Remembering the Dragon
Piyo Chai Suno Kahani
Remembering the Dragon
We are halfway through the Year of the Dragon, as the Chinese calendar designates 2024. The Orient, of course, has for long immortalised this four-legged, winged serpentine character in its storehouse of legend and lore. While traditional and popular culture in the West typically portrays dragons as evil, in China they are viewed as benevolent, friendly harbingers of good luck. Sage and compassionate, imbued with active yang energy, they are believed to protect in uncommon ways, displaying great intelligence and loyalty. Interestingly, the Chinese actually even identify nine types of dragons: Bixi, Qiuniu, Yazi, Chaofeng, Pulao, Chiwen, Bi’an, Suanni, and Fuxi.

It is half a century after the mythical creature was made memorable by being extended contextually to the definitive martial arts flick, Enter the Dragon. Wowing Bombay audiences with a crackerjack opening four years after its Hollywood launch on August 17, 1973, Enter the Dragon became one of the highest grossers of moviedom. Bruce Lee’s Chinese stage moniker gave the film its name – it translated as Lee the Little Dragon, for the fact that he was born in both the hour and the Year of the Dragon (1940), assigned by the Chinese zodiac.
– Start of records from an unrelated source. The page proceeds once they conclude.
theorem theorem3p1:
  fixes n m :: nat
  assumes "n \<ge> 2 * m" and "2 * m \<ge> 2"
  shows "\<forall>X\<in>johnson_vertices n m. \<forall>Y\<in>johnson_vertices n m.
           dist_matrix n m X Y
             = poly_mat (johnson_vertices n m) (johnson_p n m) (adj_matrix n m) X Y"
proof (intro ballI)
  fix X Y assume X: "X \<in> johnson_vertices n m" and Y: "Y \<in> johnson_vertices n m"
  let ?V = "johnson_vertices n m" and ?A = "adj_matrix n m" and ?j = "real (card (X \<inter> Y))"
  have m: "1 \<le> m" "m < n" using assms by auto
  have full_prod: "poly_mat ?V (\<Prod>i\<in>{1..m}. jfactor n m i) ?A X Y = fact m ^ 2"
    using poly_mat_prod_jfactor[OF m(1) le0 X Y] by simp
  have "dist_matrix n m X Y = real m - ?j"
    using card_mono[OF johnson_vertexD(1)[OF X], of "X \<inter> Y"] johnson_vertexD(2)[OF X]
    by (simp add: dist_matrix_def johnson_dist_eq[OF m(1) X Y] of_nat_diff)
  also have "\<dots> = real m * (real n - real m) / real n - (- 1 / real n) * (real m ^ 2 - real n * ?j)"
    using m by (simp add: field_simps power2_eq_square)
  also have "\<dots> = poly_mat ?V (johnson_p n m) ?A X Y"
    by (simp only: johnson_p_eq poly_mat_diff poly_mat_smult full_prod
        poly_mat_prod_jfactor_remove_1[OF m(1) X Y] mult.assoc[symmetric] johnson_p_coefficients[OF m])
  finally show "dist_matrix n m X Y = poly_mat ?V (johnson_p n m) ?A X Y" .
qed

end
(* If $S$ is a numerical semigroup whose set of Betti elements $\mathrm{Betti}(S)$ is totally ordered by $\le_S$ (i.e. $S$ is Betti-sorted), then $S$ is a complete intersection.
   Context: A numerical semigroup is a submonoid of $(\mathbb N,+)$ with finite complement, minimally generated by $\{n_1,\dots,n_e\}$. Write $a\le_S b$ if $b-a\in S$. Let $\varphi:\mathbb N^e\to S$, $\varphi(a)=\sum_ia_in_i$, $\mathrm Z(s)=\varphi^{-1}(s)$. $\nabla_s$ is the graph on $\mathrm Z(s)$ with distinct $x,y$ adjacent iff $x\cdot y\neq0$; $\mathrm{nc}(\nabla_s)$ is its number of connected components; $s$ is a Betti element if $\nabla_s$ is disconnected. A minimal presentation of $S$ is a minimal (by inclusion) system of generators of the congruence $\ker\varphi=\{(a,b):\varphi(a)=\varphi(b)\}$; all minimal presentations have cardinality $\sum_{b\in\mathrm{Betti}(S)}(\mathrm{nc}(\nabla_b)-1)\ge e-1$. $S$ is a complete intersection if this cardinality equals $e-1$. *)

theory Defs
  imports Main
begin

definition numerical_semigroup :: "nat set \<Rightarrow> bool" where
  "numerical_semigroup S \<longleftrightarrow> 0 \<in> S \<and> (\<forall>a\<in>S. \<forall>b\<in>S. a + b \<in> S) \<and> finite (UNIV - S)"

definition min_gens :: "nat set \<Rightarrow> nat set" where
  "min_gens S = {n \<in> S. n \<noteq> 0 \<and> \<not> (\<exists>a\<in>S. \<exists>b\<in>S. a \<noteq> 0 \<and> b \<noteq> 0 \<and> n = a + b)}"

definition embdim :: "nat set \<Rightarrow> nat" where
  "embdim S = card (min_gens S)"

text \<open>N^e is represented as functions from the minimal generators to nat
(zero outside), i.e. a n is the coefficient of generator n.\<close>
definition facts :: "nat set \<Rightarrow> (nat \<Rightarrow> nat) set" where
  "facts S = {a. \<forall>n. n \<notin> min_gens S \<longrightarrow> a n = 0}"

definition phi :: "nat set \<Rightarrow> (nat \<Rightarrow> nat) \<Rightarrow> nat" where
  "phi S a = (\<Sum>n\<in>min_gens S. a n * n)"

definition Z :: "nat set \<Rightarrow> nat \<Rightarrow> (nat \<Rightarrow> nat) set" where
  "Z S s = {a \<in> facts S. phi S a = s}"

definition nabla_edges :: "nat set \<Rightarrow> nat \<Rightarrow> ((nat \<Rightarrow> nat) \<times> (nat \<Rightarrow> nat)) set" where
  "nabla_edges S s = {(x, y). x \<in> Z S s \<and> y \<in> Z S s \<and> x \<noteq> y \<and>
      (\<Sum>n\<in>min_gens S. x n * y n) \<noteq> 0}"

definition nc :: "nat set \<Rightarrow> nat \<Rightarrow> nat" where
  "nc S s = card (Z S s // (Id_on (Z S s) \<union> (nabla_edges S s)\<^sup>+))"

definition Betti :: "nat set \<Rightarrow> nat set" where
  "Betti S = {s \<in> S. nc S s > 1}"

definition le_S :: "nat set \<Rightarrow> nat \<Rightarrow> nat \<Rightarrow> bool" where
  "le_S S a b \<longleftrightarrow> a \<le> b \<and> b - a \<in> S"

definition betti_sorted :: "nat set \<Rightarrow> bool" where
  "betti_sorted S \<longleftrightarrow> (\<forall>a\<in>Betti S. \<forall>b\<in>Betti S. le_S S a b \<or> le_S S b a)"

definition kernel_cong :: "nat set \<Rightarrow> ((nat \<Rightarrow> nat) \<times> (nat \<Rightarrow> nat)) set" where
  "kernel_cong S = {(a, b). a \<in> facts S \<and> b \<in> facts S \<and> phi S a = phi S b}"

inductive_set cong_gen :: "nat set \<Rightarrow> ((nat \<Rightarrow> nat) \<times> (nat \<Rightarrow> nat)) set
    \<Rightarrow> ((nat \<Rightarrow> nat) \<times> (nat \<Rightarrow> nat)) set"
  for S :: "nat set" and \<rho> :: "((nat \<Rightarrow> nat) \<times> (nat \<Rightarrow> nat)) set" where
  base: "p \<in> \<rho> \<Longrightarrow> p \<in> cong_gen S \<rho>"
| refl: "a \<in> facts S \<Longrightarrow> (a, a) \<in> cong_gen S \<rho>"
| sym: "(a, b) \<in> cong_gen S \<rho> \<Longrightarrow> (b, a) \<in> cong_gen S \<rho>"
| trans: "(a, b) \<in> cong_gen S \<rho> \<Longrightarrow> (b, c) \<in> cong_gen S \<rho> \<Longrightarrow> (a, c) \<in> cong_gen S \<rho>"
| add: "(a, b) \<in> cong_gen S \<rho> \<Longrightarrow> c \<in> facts S \<Longrightarrow>
         ((\<lambda>n. a n + c n), (\<lambda>n. b n + c n)) \<in> cong_gen S \<rho>"

definition minimal_presentation :: "nat set \<Rightarrow> ((nat \<Rightarrow> nat) \<times> (nat \<Rightarrow> nat)) set \<Rightarrow> bool" where
  "minimal_presentation S \<rho> \<longleftrightarrow>
     \<rho> \<subseteq> facts S \<times> facts S \<and> cong_gen S \<rho> = kernel_cong S \<and>
     (\<forall>\<sigma>. \<sigma> \<subset> \<rho> \<longrightarrow> cong_gen S \<sigma> \<noteq> kernel_cong S)"

definition complete_intersection :: "nat set \<Rightarrow> bool" where
  "complete_intersection S \<longleftrightarrow>
     (\<forall>\<rho>. minimal_presentation S \<rho> \<longrightarrow> finite \<rho> \<and> card \<rho> = embdim S - 1)"

end

theory Submission
  imports Defs "HOL-Library.Function_Algebras" "HOL.Vector_Spaces" "HOL.Rat"
begin

text \<open>A set \<open>\<rho>\<close> of pairs generates \<open>ker \<phi>\<close> exactly when, for every \<open>s\<close>, the pairs of \<open>\<rho>\<close> of
  degree \<open>s\<close> reconnect the graph \<open>\<nabla>\<^sub>s\<close>; minimality makes them a forest on the components of
  \<open>\<nabla>\<^sub>s\<close>, so a minimal presentation has at most \<open>nc(\<nabla>\<^sub>b) - 1\<close> pairs in each Betti degree \<open>b\<close>
  and none elsewhere. Over the rationals, the relations \<open>n\<^sub>0 e\<^sub>m = m e\<^sub>n\<^sub>0\<close> show that every
  presentation has at least \<open>e - 1\<close> pairs.

  Distinct components of \<open>\<nabla>\<^sub>t\<close> use disjoint sets of generators. If \<open>s \<le>\<^sub>S t\<close>, adding a fixed
  factorization of \<open>t - s\<close> to the factorizations of \<open>s\<close> lands in one component of \<open>\<nabla>\<^sub>t\<close>, which
  therefore meets every generator used by \<open>s\<close>; each further component needs a new generator.
  Along a chain \<open>b\<^sub>1 <\<^sub>S \<dots> <\<^sub>S b\<^sub>k\<close> of Betti elements the numbers \<open>nc(\<nabla>\<^sub>b) - 1\<close> therefore add up
  to less than \<open>e\<close>.\<close>

section \<open>Factorizations\<close>

lemma numerical_semigroup_cofinite:
  assumes "numerical_semigroup S"
  obtains N where "\<And>x. N \<le> x \<Longrightarrow> x \<in> S"
proof -
  obtain N where "\<forall>x\<in>UNIV - S. x < N"
    using assms finite_nat_set_iff_bounded by (auto simp: numerical_semigroup_def)
  then show ?thesis using that by (meson DiffI UNIV_I not_le)
qed

lemma sum_in_numerical_semigroup:
  assumes "numerical_semigroup S" "\<And>n. n \<in> A \<Longrightarrow> f n \<in> S"
  shows "sum f A \<in> S"
  using assms(2)
  by (induction A rule: infinite_finite_induct) (use assms(1) in \<open>auto simp: numerical_semigroup_def\<close>)

lemma finite_min_gens:
  assumes "numerical_semigroup S"
  shows "finite (min_gens S)"
proof -
  obtain N where N: "\<And>x. N \<le> x \<Longrightarrow> x \<in> S"
    using numerical_semigroup_cofinite[OF assms] by blast
  have "n \<le> 2 * N + 1" if n: "n \<in> min_gens S" for n
  proof (rule ccontr)
    assume big: "\<not> n \<le> 2 * N + 1"
    have summands: "N + 1 \<in> S" "n - (N + 1) \<in> S" using big by (auto intro: N)
    have "\<exists>a\<in>S. \<exists>b\<in>S. a \<noteq> 0 \<and> b \<noteq> 0 \<and> n = a + b"
      by (rule bexI[OF _ summands(1)], rule bexI[OF _ summands(2)]) (use big in auto)
    moreover have "\<not> (\<exists>a\<in>S. \<exists>b\<in>S. a \<noteq> 0 \<and> b \<noteq> 0 \<and> n = a + b)"
      using n by (simp add: min_gens_def)
    ultimately show False by contradiction
  qed
  then show ?thesis by (meson atMost_iff finite_atMost finite_subset subsetI)
qed

lemma phi_in_numerical_semigroup:
  assumes "numerical_semigroup S"
  shows "phi S a \<in> S"
  unfolding phi_def
proof (rule sum_in_numerical_semigroup[OF assms])
  fix n assume "n \<in> min_gens S"
  then have "(\<Sum>_<a n. n) \<in> S"
    by (intro sum_in_numerical_semigroup[OF assms]) (simp add: min_gens_def)
  then show "a n * n \<in> S" by simp
qed

lemma phi_add: "phi S (\<lambda>n. x n + y n) = phi S x + phi S y"
  by (simp add: phi_def sum.distrib add_mult_distrib)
Speaking to Esquire magazine, Lee’s daughter Shannon shared how she is convinced her father’s performance is timeless in that decade’s abundance of funky kitsch. “He still electrifies and jumps off the screen, and is just so badass,” she is quoted as saying, referring to the full houses packing global re-runs to mark the film’s golden anniversary.
The super-successful spy drama about the secret agent infiltrating a martial arts contest on an exotic island to confront a criminal mastermind, resulted in rave reviews. Serpentine ticket lines wound their way around all the streets surrounding city cinema halls the film released at, like Eros at Churchgate. Sold into Lee’s cult following, young men and women fans struck his trademark poses, attempted nunchuck moves slicing the air against fictitious attackers and initiated animated discussions assessing these techniques on school and college campuses worldwide.
Ironically, Lee was denied a chance to revel in the wild impact of his catapulting fame. He succumbed to cerebral edema at a tragically young age, 32, a month before the film’s original Hong Kong release.